Buying and selling should be a slow process

Buying and selling should be a slow process

Q: What is the best way to sell or acquire a business?

The most important piece of advice for any adviser considering leaving the industry, or acquiring a business, is to give yourself time. 

Two to three years is the very minimum you need, from setting the wheels in motion to actually exiting the industry. Similarly, acquiring a business is not an impulse buy: making the right choices needs plenty of consideration and due diligence.    

To assist firms considering buying or selling, we usually recommend a six-stage process:

• Stage 1: Preparation.

Buyers want businesses that can easily be transitioned. A good customer relationship management system with exportable functionality is essential, and companies that have segmented their client bank and introduced a centralised advice proposition within their business are even more attractive.
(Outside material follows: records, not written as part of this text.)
(* In the setting described in the context, let $\operatorname{zer}(A+B)$ be a nonempty closed convex set, suppose Method 2 does not stop, and let $(x^k)_{k\in\mathbb N}$ be the generated sequence. Define $\bar x:=P_{\operatorname{zer}(A+B)}(x^0)$. Then $(x^k)_{k\in\mathbb N}$ converges strongly to $\bar x$.
   Context: Let $\mathcal H$ be a real Hilbert space with inner product $\langle\cdot,\cdot\rangle$ and norm $\|\cdot\|$. Let $A_1:\mathcal H\to\mathcal H$ be $\beta$-cocoercive for some $\beta>0$ (i.e. $\langle A_1x-A_1y,x-y\rangle\ge\beta\|A_1x-A_1y\|^2$ for all $x,y$), let $A_2:\mathcal H\to\mathcal H$ be maximally monotone and uniformly continuous, let $B:\mathcal H\rightrightarrows\mathcal H$ be maximally monotone, and set $A:=A_1+A_2$; $\operatorname{zer}(A+B):=\{x:0\in Ax+Bx\}$. $J_{\alpha B}:=(I+\alpha B)^{-1}$ for $\alpha>0$, and $P_C$ denotes the orthogonal projection onto a nonempty closed convex set $C$. Fix $\theta,\delta\in(0,1)$, $\bar\delta>0$ with $1-\delta-\bar\delta>0$, and $\alpha_{-1}>0$ with $\alpha_{-1}\le4\beta\bar\delta$. Conceptual Algorithm: pick $x^0\in\mathcal H$. Given $x^k$ and $\alpha_{k-1}$, for $j\in\mathbb N$ let $\bar x^k_j:=J_{\alpha_{k-1}\theta^jB}(x^k-\alpha_{k-1}\theta^jAx^k)$ and let $j(k)$ be the smallest $j\in\mathbb N$ with $\alpha_{k-1}\theta^j\langle A_2x^k-A_2\bar x^k_j,x^k-\bar x^k_j\rangle\le\delta\|x^k-\bar x^k_j\|^2$. Set $\alpha_k:=\alpha_{k-1}\theta^{j(k)}$, $\bar x^k:=J_{\alpha_kB}(x^k-\alpha_kAx^k)$, $r_k:=\frac{\bar\delta}{\alpha_k}\|x^k-\bar x^k\|^2$, $T_k:=\{x\in\mathcal H:\langle \frac{x^k-\bar x^k}{\alpha_k}-(A_2x^k-A_2\bar x^k),x-\bar x^k\rangle\le r_k\}$ and $\Gamma_k:=\{x\in\mathcal H:\langle x^0-x^k,x-x^k\rangle\le0\}$. Method 2 sets $x^{k+1}:=P_{T_k\cap\Gamma_k}(x^0)$ and stops if $x^{k+1}=x^k$. *)

theory Defs
  imports "HOL-Analysis.Analysis"
begin

text \<open>Real Hilbert space: a complete real inner product space,
  i.e. a type of class real_inner and complete_space (possibly infinite-dimensional).
  Set-valued operators are functions 'a => 'a set.\<close>

definition cocoercive :: "real \<Rightarrow> ('a::real_inner \<Rightarrow> 'a) \<Rightarrow> bool" where
  "cocoercive \<beta> T \<longleftrightarrow>
     (\<forall>x y. inner (T x - T y) (x - y) \<ge> \<beta> * (norm (T x - T y))\<^sup>2)"

definition monotone_op :: "('a::real_inner \<Rightarrow> 'a set) \<Rightarrow> bool" where
  "monotone_op B \<longleftrightarrow>
     (\<forall>x y u v. u \<in> B x \<longrightarrow> v \<in> B y \<longrightarrow> inner (u - v) (x - y) \<ge> 0)"

definition maximally_monotone :: "('a::real_inner \<Rightarrow> 'a set) \<Rightarrow> bool" where
  "maximally_monotone B \<longleftrightarrow> monotone_op B \<and>
     (\<forall>B'. monotone_op B' \<and> (\<forall>x. B x \<subseteq> B' x) \<longrightarrow> B' = B)"

definition zer_sum :: "('a::real_inner \<Rightarrow> 'a) \<Rightarrow> ('a \<Rightarrow> 'a set) \<Rightarrow> 'a set" where
  "zer_sum A B = {x. \<exists>b\<in>B x. A x + b = 0}"

text \<open>Resolvent J_{\<alpha>B} = (I + \<alpha> B)^{-1}: the (unique, for maximally monotone B and
  \<alpha> > 0) point y with x \<in> y + \<alpha> B y.\<close>
definition resolvent :: "real \<Rightarrow> ('a::real_inner \<Rightarrow> 'a set) \<Rightarrow> 'a \<Rightarrow> 'a" where
  "resolvent \<alpha> B x = (THE y. \<exists>b\<in>B y. x = y + \<alpha> *\<^sub>R b)"

definition proj :: "'a::real_inner set \<Rightarrow> 'a \<Rightarrow> 'a" where
  "proj C a = (THE p. p \<in> C \<and> (\<forall>y\<in>C. norm (a - p) \<le> norm (a - y)))"

definition fb_point :: "('a::real_inner \<Rightarrow> 'a) \<Rightarrow> ('a \<Rightarrow> 'a set) \<Rightarrow> real \<Rightarrow> 'a \<Rightarrow> 'a" where
  "fb_point A B s x = resolvent s B (x - s *\<^sub>R A x)"

definition ls_index ::
  "('a::real_inner \<Rightarrow> 'a) \<Rightarrow> ('a \<Rightarrow> 'a) \<Rightarrow> ('a \<Rightarrow> 'a set) \<Rightarrow> real \<Rightarrow> real \<Rightarrow> real \<Rightarrow> 'a \<Rightarrow> nat" where
  "ls_index A1 A2 B \<theta> \<delta> \<alpha> x =
     (LEAST j. let s = \<alpha> * \<theta> ^ j; z = fb_point (\<lambda>u. A1 u + A2 u) B s x in
        s * inner (A2 x - A2 z) (x - z) \<le> \<delta> * (norm (x - z))\<^sup>2)"

definition T_set :: "('a::real_inner \<Rightarrow> 'a) \<Rightarrow> real \<Rightarrow> real \<Rightarrow> 'a \<Rightarrow> 'a \<Rightarrow> 'a set" where
  "T_set A2 \<delta>b \<alpha> x xb =
     {z. inner ((1 / \<alpha>) *\<^sub>R (x - xb) - (A2 x - A2 xb)) (z - xb)
           \<le> (\<delta>b / \<alpha>) * (norm (x - xb))\<^sup>2}"

definition Gamma_set :: "'a::real_inner \<Rightarrow> 'a \<Rightarrow> 'a set" where
  "Gamma_set x0 x = {z. inner (x0 - x) (z - x) \<le> 0}"

text \<open>Method 2. The step-size sequence is indexed with a shift:
  alpha k = \<alpha>_{k-1}, so alpha 0 = \<alpha>_{-1} and alpha (Suc k) = \<alpha>_k.\<close>
definition method2_seq ::
  "('a::real_inner \<Rightarrow> 'a) \<Rightarrow> ('a \<Rightarrow> 'a) \<Rightarrow> ('a \<Rightarrow> 'a set) \<Rightarrow> real \<Rightarrow> real \<Rightarrow> real \<Rightarrow> real
     \<Rightarrow> (nat \<Rightarrow> 'a) \<Rightarrow> (nat \<Rightarrow> real) \<Rightarrow> bool" where
  "method2_seq A1 A2 B \<theta> \<delta> \<delta>b \<alpha>0 x alpha \<longleftrightarrow>
     alpha 0 = \<alpha>0 \<and>
     (\<forall>k. alpha (Suc k) = alpha k * \<theta> ^ ls_index A1 A2 B \<theta> \<delta> (alpha k) (x k) \<and>
          (let xb = fb_point (\<lambda>u. A1 u + A2 u) B (alpha (Suc k)) (x k) in
           x (Suc k) = proj (T_set A2 \<delta>b (alpha (Suc k)) (x k) xb \<inter> Gamma_set (x 0) (x k)) (x 0)))"

end

theory Submission
  imports Defs
begin

(* Both halfspaces T_k and Gamma_k contain Z = zer(A + B): for T_k this is where cocoercivity
   of A1 and the bound alpha_k <= 4 beta deltab enter, for Gamma_k it follows inductively from
   the variational characterisation of x^(k+1) = P_(T_k inter Gamma_k)(x^0).  As x^(k+1) lies
   in Gamma_k and xbar = P_Z(x^0) in T_k inter Gamma_k, |x^k - x^0| increases to a limit
   L <= |xbar - x^0| and the steps x^(k+1) - x^k tend to 0.  Since x^(k+1) also lies in T_k,
   the forward-backward residuals x^k - xbar^k tend to 0 as well, and the backtracking rule
   makes them small relative to alpha_k infinitely often, so the points xbar^k are approximate
   zeros of A + B close to the ball of radius L about x^0.  A nested-intersection argument for
   bounded closed convex sets, which takes the place of weak compactness, turns them into a
   point z with |z - x^0| <= L solving Minty's variational inequality for A + B; resolvents of
   B (available by Minty's theorem, proved here with the Fitzpatrick function) show that z is
   a zero.  Therefore L = |xbar - x^0|, and |x^k - xbar|^2 <= L^2 - |x^k - x^0|^2 tends to 0. *)

section \<open>Hilbert space geometry\<close>

lemma Cauchy_if_norm_diff_le:
  fixes X :: "nat \<Rightarrow> 'a::real_normed_vector"
  assumes bound: "\<And>m n. norm (X m - X n) \<le> e m + e n" and e: "e \<longlonglongrightarrow> 0"
  shows "Cauchy X"
proof (rule CauchyI)
  fix r :: real assume "0 < r"
  then obtain N where N: "\<And>n. n \<ge> N \<Longrightarrow> \<bar>e n\<bar> < r / 2"
    using LIMSEQ_D[OF e, of "r / 2"] by auto
  have "norm (X m - X n) < r" if "m \<ge> N" "n \<ge> N" for m n
    using bound[of m n] N[OF that(1)] N[OF that(2)] by linarith
  then show "\<exists>N. \<forall>m\<ge>N. \<forall>n\<ge>N. norm (X m - X n) < r" by blast
qed

lemma norm_convex_combination_sq:
  fixes a b :: "'a::real_inner"
  shows "(norm ((1 - t) *\<^sub>R a + t *\<^sub>R b))\<^sup>2
    = (1 - t) * (norm a)\<^sup>2 + t * (norm b)\<^sup>2 - t * (1 - t) * (norm (a - b))\<^sup>2"
  unfolding power2_norm_eq_inner
  by (simp add: inner_add_left inner_add_right inner_diff_left inner_diff_right inner_commute
      algebra_simps)

lemma obtuse_pythagoras:
  fixes a p y :: "'a::real_inner"
  assumes "inner (a - p) (y - p) \<le> 0"
  shows "(norm (a - p))\<^sup>2 + (norm (y - p))\<^sup>2 \<le> (norm (a - y))\<^sup>2"
proof -
  have "a - y = (a - p) - (y - p)" by simp
  then have "(norm (a - y))\<^sup>2 = (norm (a - p))\<^sup>2 - 2 * inner (a - p) (y - p) + (norm (y - p))\<^sup>2"
    by (simp only: power2_norm_eq_inner inner_diff_left inner_diff_right inner_commute) simp
  with assms show ?thesis by linarith
qed

text \<open>In the next three lemmas \<open>R z c\<close> encodes \<open>f z \<le> c\<close> for a function \<open>f\<close> that may take
  the value \<open>+\<infinity>\<close>; the first assumption says that \<open>f\<close> is \<open>\<kappa>\<close>-strongly convex.\<close>

lemma strongly_convex_quadratic_growth:
  assumes strongly_convex: "\<And>z z' c c' t. R z c \<Longrightarrow> R z' c' \<Longrightarrow> 0 < t \<Longrightarrow> t < 1 \<Longrightarrow>
      R ((1 - t) *\<^sub>R z + t *\<^sub>R z') ((1 - t) * c + t * c' - t * (1 - t) * \<kappa> * (norm (z - z'))\<^sup>2)"
    and min: "R z m" "\<And>z c. R z c \<Longrightarrow> m \<le> c" and "R w c"
  shows "m + \<kappa> * (norm (w - z))\<^sup>2 \<le> c"
proof -
  define q where "q = \<kappa> * (norm (w - z))\<^sup>2"
  have shrink: "(1 - t) * q \<le> c - m" if "0 < t" "t < 1" for t
  proof -
    have "t * ((1 - t) * q) \<le> t * (c - m)"
      using min(2)[OF strongly_convex[OF min(1) \<open>R w c\<close> that]]
      by (simp add: q_def norm_minus_commute algebra_simps)
    then show ?thesis using \<open>0 < t\<close> by simp
  qed
  have "\<forall>\<^sub>F t in at_right 0. (1 - t) * q \<le> c - m"
    using eventually_at_right_real[of 0 1] by (rule eventually_mono) (use shrink in auto)
  moreover have "((\<lambda>t. (1 - t) * q) \<longlongrightarrow> (1 - 0) * q) (at_right 0)"
    by (intro tendsto_intros)
  ultimately have "(1 - 0) * q \<le> c - m"
    by (intro tendsto_upperbound) auto
  then show ?thesis by (simp add: q_def)
qed

lemma strongly_convex_minimizing_sequence_converges:
  fixes Z :: "nat \<Rightarrow> 'a::{real_normed_vector,complete_space}"
  assumes strongly_convex: "\<And>z z' c c' t. R z c \<Longrightarrow> R z' c' \<Longrightarrow> 0 < t \<Longrightarrow> t < 1 \<Longrightarrow>
      R ((1 - t) *\<^sub>R z + t *\<^sub>R z') ((1 - t) * c + t * c' - t * (1 - t) * \<kappa> * (norm (z - z'))\<^sup>2)"
    and m_le: "\<And>z c. R z c \<Longrightarrow> m \<le> c" and \<kappa>: "0 < \<kappa>"
    and ZC: "\<And>n. R (Z n) (C n)" and C_lt: "\<And>n. C n < m + inverse (real (Suc n))"
  shows "convergent Z"
proof -
  define e where "e n = sqrt (2 * inverse (real (Suc n)) / \<kappa>)" for n
  have "norm (Z n - Z k) \<le> e n + e k" for n k
  proof -
    have "m \<le> (C n + C k) / 2 - \<kappa> / 4 * (norm (Z n - Z k))\<^sup>2"
      using m_le[OF strongly_convex[OF ZC ZC, of "1/2" n k]] by (simp add: algebra_simps)
    then have "\<kappa> * (norm (Z n - Z k))\<^sup>2 \<le> 2 * (C n - m) + 2 * (C k - m)"
      by (simp add: field_simps)
    also have "\<dots> \<le> 2 * inverse (real (Suc n)) + 2 * inverse (real (Suc k))"
      using C_lt[of n] C_lt[of k] by argo
    finally have "(norm (Z n - Z k))\<^sup>2
        \<le> 2 * inverse (real (Suc n)) / \<kappa> + 2 * inverse (real (Suc k)) / \<kappa>"
      unfolding add_divide_distrib[symmetric] using \<kappa> by (simp add: pos_le_divide_eq mult.commute)
    then have "norm (Z n - Z k)
        \<le> sqrt (2 * inverse (real (Suc n)) / \<kappa> + 2 * inverse (real (Suc k)) / \<kappa>)"
      by (rule real_le_rsqrt)
    also have "\<dots> \<le> e n + e k"
      unfolding e_def using \<kappa> by (intro sqrt_add_le_add_sqrt) auto
    finally show ?thesis .
  qed
  moreover have "(\<lambda>n. sqrt (2 * inverse (real (Suc n)) / \<kappa>)) \<longlonglongrightarrow> sqrt (2 * 0 / \<kappa>)"
    using \<kappa> by (intro tendsto_intros LIMSEQ_inverse_real_of_nat) auto
  then have "e \<longlonglongrightarrow> 0" unfolding e_def by simp
  ultimately show ?thesis
    using Cauchy_if_norm_diff_le Cauchy_convergent_iff by blast
qed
• Stage 2: Ideal successor.

Having a clear picture of your ideal buyer is key to selling any business. 

Most companies want a mirror of themselves and, while no business is the same, giving yourself plenty of time to identify the closest match possible is vital.
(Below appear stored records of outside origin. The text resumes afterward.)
text \<open>For fixed m, model vertex gy and height zz, join gy to the root o_m by a path
  of length d. Once r_N \<ge> d + 1 (which holds eventually, by (A5)), the hitting probability in (A10)
  is at most hit_const c0 c1 times the hypothesis sum with \<rho>0 = d + 1, which tends to 0.\<close>
theorem lemma7p2:
  fixes M :: nat and V :: "nat \<Rightarrow> 'v set" and w :: "nat \<Rightarrow> 'v \<Rightarrow> 'v \<Rightarrow> real"
    and y :: "nat \<Rightarrow> nat \<Rightarrow> 'v" and z :: "nat \<Rightarrow> nat \<Rightarrow> int"
    and \<epsilon> c0 c1 :: real and v :: "nat \<Rightarrow> real" and r :: "nat \<Rightarrow> real"
    and VG :: "nat \<Rightarrow> 'g set" and wG :: "nat \<Rightarrow> 'g \<Rightarrow> 'g \<Rightarrow> real" and ob :: "nat \<Rightarrow> 'g"
    and \<phi> :: "nat \<Rightarrow> nat \<Rightarrow> 'v \<Rightarrow> 'g" and C :: "nat \<Rightarrow> nat \<Rightarrow> 'v set"
    and VH :: "nat \<Rightarrow> 'h set" and wH :: "nat \<Rightarrow> 'h \<Rightarrow> 'h \<Rightarrow> real"
    and \<psi> :: "nat \<Rightarrow> nat \<Rightarrow> 'v \<Rightarrow> 'h"
  defines "lam \<equiv> \<lambda>N. spectral_gap (V N) (w N)"
  defines "T \<equiv> \<lambda>N. (1 / lam N) * real (card (V N)) powr \<epsilon>"
  assumes graphs: "\<And>N. finite (V N) \<and> wgraph (V N) (w N)"
    and M1: "1 \<le> M"
    and eps: "0 < \<epsilon>" "\<epsilon> < 1"
    and pts: "\<And>m N. m < M \<Longrightarrow> y m N \<in> V N"
    and A1: "0 < c0" "c0 \<le> c1" "\<And>N x. x \<in> V N \<Longrightarrow> c0 \<le> wdeg (V N) (w N) x \<and> wdeg (V N) (w N) x \<le> c1"
    and A2: "\<And>N. 1 / lam N \<le> real (card (V N)) powr (2 - \<epsilon>)"
    and A3: "\<And>m m'. m < M \<Longrightarrow> m' < M \<Longrightarrow> m \<noteq> m' \<Longrightarrow>
       filterlim (\<lambda>N. real (gdist (cyl_w (V N) (w N)) (y m N, z m N) (y m' N, z m' N))) at_top sequentially"
    and A4: "\<And>m. m < M \<Longrightarrow> (\<lambda>N. real_of_int (z m N) / real (card (V N))) \<longlonglongrightarrow> v m"
    and A5r: "filterlim r at_top sequentially"
    and A5: "\<And>m. m < M \<Longrightarrow> wgraph (VG m) (wG m) \<and> infinite (VG m) \<and> ob m \<in> VG m \<and>
       (\<forall>N. wiso (w N) (wG m) (\<phi> m N) (gball (V N) (w N) (y m N) (r N)) (gball (VG m) (wG m) (ob m) (r N))
            \<and> \<phi> m N (y m N) = ob m)"
    and A6: "\<And>m N. m < M \<Longrightarrow> gball (V N) (w N) (y m N) (r N) \<subseteq> C m N \<and> C m N \<subseteq> V N"
    and A7: "\<And>m. m < M \<Longrightarrow> wgraph (VH m) (wH m) \<and> infinite (VH m) \<and>
       (\<forall>N. \<psi> m N ` C m N \<subseteq> VH m
         \<and> wiso (w N) (wH m) (\<psi> m N) (gcl (V N) (w N) (C m N)) (gcl (VH m) (wH m) (\<psi> m N ` C m N))
         \<and> \<psi> m N ` obd (V N) (w N) (C m N) = obd (VH m) (wH m) (\<psi> m N ` C m N))"
    and A8: "\<And>m m' N. m < M \<Longrightarrow> m' < M \<Longrightarrow> v m = v m' \<Longrightarrow> C m N = C m' N \<or> C m N \<inter> C m' N = {}"
    and A9: "\<And>m \<rho>0. m < M \<Longrightarrow> 0 < \<rho>0 \<Longrightarrow>
       (\<lambda>n. real n powr (1/2 + \<epsilon>) * supz {pstep (VH m) (wH m) n y0 yy | N y0 yy.
            y0 \<in> VH m \<and> yy \<in> gball (VH m) (wH m) (\<psi> m N (y m N)) \<rho>0}) \<longlonglongrightarrow> 0"
    and hyp: "\<And>m \<rho>0. m < M \<Longrightarrow> 0 < \<rho>0 \<Longrightarrow>
       (\<lambda>N. \<Sum>n = 1..nat \<lfloor>T N\<rfloor>. supz {pstep (V N) (w N) n y0 yy | y0 yy.
            y0 \<in> ibd (V N) (w N) (C m N) \<and> yy \<in> gball (V N) (w N) (y m N) \<rho>0} / sqrt (real n))
         \<longlonglongrightarrow> 0"
  shows "\<forall>m < M. \<forall>gy \<in> VG m. \<forall>zz :: int.
    (\<lambda>N. supz {hit_before (cyl_V (V N)) (cyl_w (V N) (w N))
                 {(inv_into (gball (V N) (w N) (y m N) (r N)) (\<phi> m N) gy, z m N + zz)} (T N) (y0, z0)
               | y0 z0. y0 \<in> ibd (V N) (w N) (C m N)}) \<longlonglongrightarrow> 0"
proof -
  have claim: "(\<lambda>N. boundary_hit (V N) (w N) (ibd (V N) (w N) (C m N))
      {(inv_into (gball (V N) (w N) (y m N) (r N)) (\<phi> m N) gy, z m N + zz)} (T N)) \<longlonglongrightarrow> 0"
    if m: "m < M" and gy: "gy \<in> VG m" for m gy zz
  proof -
    have model: "wgraph (VG m) (wG m)" "ob m \<in> VG m" and local_iso:
      "\<And>N. wiso (w N) (wG m) (\<phi> m N) (gball (V N) (w N) (y m N) (r N)) (gball (VG m) (wG m) (ob m) (r N))"
      "\<And>N. \<phi> m N (y m N) = ob m"
      using A5[OF m] by auto
    have supp: "\<And>a b. wG m a b \<noteq> 0 \<Longrightarrow> a \<in> VG m \<and> b \<in> VG m"
      using model(1) unfolding wgraph_def by auto
    have "(ob m, gy) \<in> (edges (wG m))\<^sup>*" using model gy unfolding wgraph_def by auto
    then obtain d where path: "(ob m, gy) \<in> (edges (wG m)) ^^ d" using rtrancl_power by blast
    have heat: "(\<lambda>N. boundary_heat (V N) (w N) (ibd (V N) (w N) (C m N)) (gball (V N) (w N) (y m N) (real d + 1)) (T N))
        \<longlonglongrightarrow> 0"
      using hyp[OF m, of "real d + 1"] unfolding boundary_heat_def by simp
    have far: "eventually (\<lambda>N. real d + 1 \<le> r N) sequentially" using A5r by (simp add: filterlim_at_top)
    have bounded: "bounded_wgraph (V N) (w N) c0 c1" for N using graphs[of N] A1 by unfold_locales auto
    show ?thesis
      by (rule tendsto_zero_eventually_bounded[OF eventually_mono[OF far] heat])
         (rule cylinder_hit_le_heat[OF bounded local_iso pts[OF m] model(2) supp path]; use A6[OF m] in simp)
  qed
  then show ?thesis unfolding boundary_hit_def by blast
qed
• Stage 3: Agreement in principle.

Once the parties have met and established that a sale would be a positive outcome, an agreement in principle should be agreed. Of course, there will be a period of negotiation, but it is always better to start negotiations once the first draft of heads of terms has been created. 

• Stage 4: Know what you are buying.

With any acquisition, we strongly recommend the buyer instructs a due diligence audit on the target company.

While initial discussions will create a good understanding of their business operation, there is no substitute for a focused and thorough audit. This process – and the clarity it creates – will be beneficial for both parties.

• Stage 5: Technical support.

It is important you have the right technical support to get all the answers you need, whether buying or selling a business.

Some of the areas you may need assistance with include GDPR, entrepreneurs’ relief and Financial Conduct Authority notification. The right support can make the deal work effectively and compliantly.

• Stage 6: Deal completion.

When you reach the final stages of the deal, a solicitor will be needed to fulfil several functions. The creation of the share purchase agreement is one, but you will also need to ensure the change in shareholders is notified to Companies House.

There are many things to consider when making your exit from the industry. 

Time will not help you make all the big choices that lie ahead, but it will allow you adequate breathing space to ensure you feel comfortable with some of the biggest professional decisions you will ever make.